Yine Gruen, “Yaşanan olumsuz gelişmelerin nedeni itaattir.” sözünü aktarır aynı kitabında.

***

“İnsanın kendi kendisine katlanabilmek için zorba bir kişilik geliştirmesinin nedeni, daha güçlü olan bir başkasının iradesine boyun eğmek zorunda oluşudur.”[2]

Örneğin sık sık sosyal medyadan bazı video mesajları paylaşılır, bu Türkiye’deki siyasal iktidara destek olmak amacıyla kendince, elinde silah toplumun bir kesimini tehdit eden ve sözleriyle de bunu ortaya koyan bazı kişiliklerdir. Bunlar aslında Gruen’in saptadığı gibi kimliksiz insanlardır. Bunlar kendilerine bir kimlik arayışı içindedirler ve bu nedenle siyasal iktidara, siyasal otoriteye ve güce sığınarak bir kimlik arayışı içinde olurlar. Kendilerini ifade edebilecekleri bir alan arayışı içinde olurken, böylece içlerindeki şiddeti de silah yoluyla o erkek maço kültürünü  öne çıkararak ifade etmeye çalışırlar. Bu noktada en güçlü olana, yani devlete ve devlet nezdinde simgeleştirdikleri Şef, önder kültüne sığınırlar.

Bu durumu, Erich Fromm, “Bir insana, kuruma ya da güce yönelik (dışadönük itaat) boyun eğme” olarak kategorize eder. [3]

Bu tip kişilikler otorite olarak gördükleri Şef ya da şey en üstteki simgesel kişi, yüce önder eğer bir işaret verirse, sokağa çıkıp önlerine gelen öldürmekte ve içlerindeki şiddeti yıkıcı bir şekilde açığa çıkarmakta bir an için bile tereddüt etmeyeceklerdir. Bunu tarihte birçok olay ve olguda görebiliriz dünyada ve ülkede. Örneğin Gruen’in ortaya koyduğu gibi, intihar eylemleri de bu tip bastırılmış kimliklerden ve kimlik arayışında kahramanlık özleminden ve çok çeşitli olgulardan ibarettir.Yine örneğin 6-7 Eylül 1955 katliamları, dönemin siyasal önderi Başbakan Menderes tarafından verilen işaretle başlamıştır.

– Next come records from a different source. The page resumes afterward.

(* Let $n\ge 2$. If a nontrivial periodic braid $X\in B_n$ is given as a word of length $l$ in the generators $\sigma_1,\ldots,\sigma_{n-1}$ and their inverses, then $l\ge n-1$.
   Context: $B_n$ is Artin's braid group with generators $\sigma_1,\ldots,\sigma_{n-1}$ and relations $\sigma_i\sigma_j=\sigma_j\sigma_i$ ($|i-j|>1$), $\sigma_i\sigma_j\sigma_i=\sigma_j\sigma_i\sigma_j$ ($|i-j|=1$). $\Delta^2$, the square of $\Delta=\sigma_1(\sigma_2\sigma_1)\cdots(\sigma_{n-1}\cdots\sigma_1)$, generates the center. A braid is periodic if some nonzero power of it is a power of $\Delta^2$. *)

theory Defs
  imports Main
begin

text \<open>Braid words: a letter (i, True) stands for sigma_i, (i, False) for sigma_i inverse.\<close>

type_synonym bletter = "nat \<times> bool"
type_synonym bword = "bletter list"

definition valid_word :: "nat \<Rightarrow> bword \<Rightarrow> bool" where
  "valid_word n w \<longleftrightarrow> (\<forall>(i, b) \<in> set w. 1 \<le> i \<and> i \<le> n - 1)"

definition inv_word :: "bword \<Rightarrow> bword" where
  "inv_word w = rev (map (\<lambda>(i, b). (i, \<not> b)) w)"

inductive braid_eq :: "nat \<Rightarrow> bword \<Rightarrow> bword \<Rightarrow> bool" for n where
  cancel: "\<lbrakk>1 \<le> i; i \<le> n - 1\<rbrakk> \<Longrightarrow> braid_eq n [(i, b), (i, \<not> b)] []"
| comm: "\<lbrakk>1 \<le> i; i \<le> n - 1; 1 \<le> j; j \<le> n - 1; i + 1 < j \<or> j + 1 < i\<rbrakk>
     \<Longrightarrow> braid_eq n [(i, True), (j, True)] [(j, True), (i, True)]"
| braid: "\<lbrakk>1 \<le> i; i \<le> n - 1; 1 \<le> j; j \<le> n - 1; i + 1 = j \<or> j + 1 = i\<rbrakk>
     \<Longrightarrow> braid_eq n [(i, True), (j, True), (i, True)] [(j, True), (i, True), (j, True)]"
| refl: "braid_eq n w w"
| sym: "braid_eq n u v \<Longrightarrow> braid_eq n v u"
| trans: "braid_eq n u v \<Longrightarrow> braid_eq n v w \<Longrightarrow> braid_eq n u w"
| ctxt: "braid_eq n u v \<Longrightarrow> braid_eq n (x @ u @ y) (x @ v @ y)"

definition word_pow :: "bword \<Rightarrow> int \<Rightarrow> bword" where
  "word_pow w k = (if 0 \<le> k then concat (replicate (nat k) w)
                   else concat (replicate (nat (- k)) (inv_word w)))"
(* The $(1,2)$ elitist black-box complexity of $\textsc{OneMax}$ (both Las Vegas and Monte Carlo) is $O(n)$. For any $\lambda\ge 2$, there are $(1,\lambda)$ Las Vegas and Monte Carlo elitist black-box algorithms that need at most $O(n/\log\lambda)$ generations on $\textsc{OneMax}$.
   Context: For $z\in\{0,1\}^n$, $\textsc{Om}_z(x)=n-\sum_{i=1}^n (x_i\oplus z_i)$; $\textsc{OneMax}=\{\textsc{Om}_z : z\in\{0,1\}^n\}$. A $(\mu,\lambda)$ elitist black-box algorithm maintains a multiset $X$ of $\mu$ search points; in each generation it samples $\lambda$ offspring from a distribution depending only on $X$ and the ranking of the fitness values in $X$ (not the values), learns the ranking of the offspring's fitness values, and the new $X$ must consist of $\mu$ offspring of highest fitness (ties broken arbitrarily; parents discarded). Runtime: number of sampled search points until an optimum is first sampled; generations counted analogously. Las Vegas complexity: min over algorithms of max over functions of expected runtime; $p$-Monte Carlo complexity: min over algorithms of smallest $T$ with success within $T$ evaluations with probability $\ge 1-p$ on every function (for every constant $p\in(0,1)$). *)

theory Defs
  imports "HOL-Probability.Probability"
begin

text \<open>Search points of \<open>{0,1}^n\<close> are boolean lists of length n (True = 1).\<close>

definition om :: "bool list \<Rightarrow> bool list \<Rightarrow> nat" where
  "om z x = length z - (\<Sum>i<length z. if x ! i \<noteq> z ! i then 1 else 0)"

definition is_opt :: "nat \<Rightarrow> (bool list \<Rightarrow> nat) \<Rightarrow> bool list \<Rightarrow> bool" where
  "is_opt n f x \<longleftrightarrow> length x = n \<and> (\<forall>y. length y = n \<longrightarrow> f y \<le> f x)"

text \<open>Ranking of the fitness values of a list of search points: the set of index
  pairs (i,j) with f(ys_i) <= f(ys_j).  Only this is revealed to the algorithm.\<close>

definition rank :: "(bool list \<Rightarrow> nat) \<Rightarrow> bool list list \<Rightarrow> (nat \<times> nat) set" where
  "rank f ys = {(i, j). i < length ys \<and> j < length ys \<and> f (ys ! i) \<le> f (ys ! j)}"

text \<open>An algorithm: distribution of the initial search point; the offspring
  distribution (a joint distribution of the lambda offspring), depending only on
  the current parent (mu = 1, so the ranking of X is trivial); and the (possibly
  randomized) selection of the surviving offspring, which may only use the
  parent, the offspring and the ranking of the offspring's fitness values.\<close>

record alg =
  a_init :: "bool list pmf"
  a_off  :: "bool list \<Rightarrow> bool list list pmf"
  a_sel  :: "bool list \<Rightarrow> bool list list \<Rightarrow> (nat \<times> nat) set \<Rightarrow> nat pmf"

İtaat özünde bir güçsüzlük itirafıdır; kendisini birey olarak kimliksiz, güçsüz  ve çaresiz hisseden kişi güçlü gördüğü bir otoriteye, gruba, kuruma, devlete sığınarak kendisine bir değer bahşeder, kendini değerli olarak hissetmek ister. Bir futbol takımının fanatik taraftarı nasıl şiddet eylemi yapıyorsa diğer takımların grupların taraftarlarına yönelik, bir hooligan olarak çatışıyor, hatta öldürüyorsa, burada da siyasal iktiadara sığınan kişi içindeki şiddeti açığa çıkarmak ihtiyacı duyuyor ve bunun güvenli yollarını arıyor. Otoriteye sığınmak, Fromm’un dediği gibi aynı zamanda bir güvenlik arayışıdır.  Kendisini birey olarak güçlü hisseden, kendi düşüncelerine güvenen kişi, bir otoriteye sığınma gereği duymaz.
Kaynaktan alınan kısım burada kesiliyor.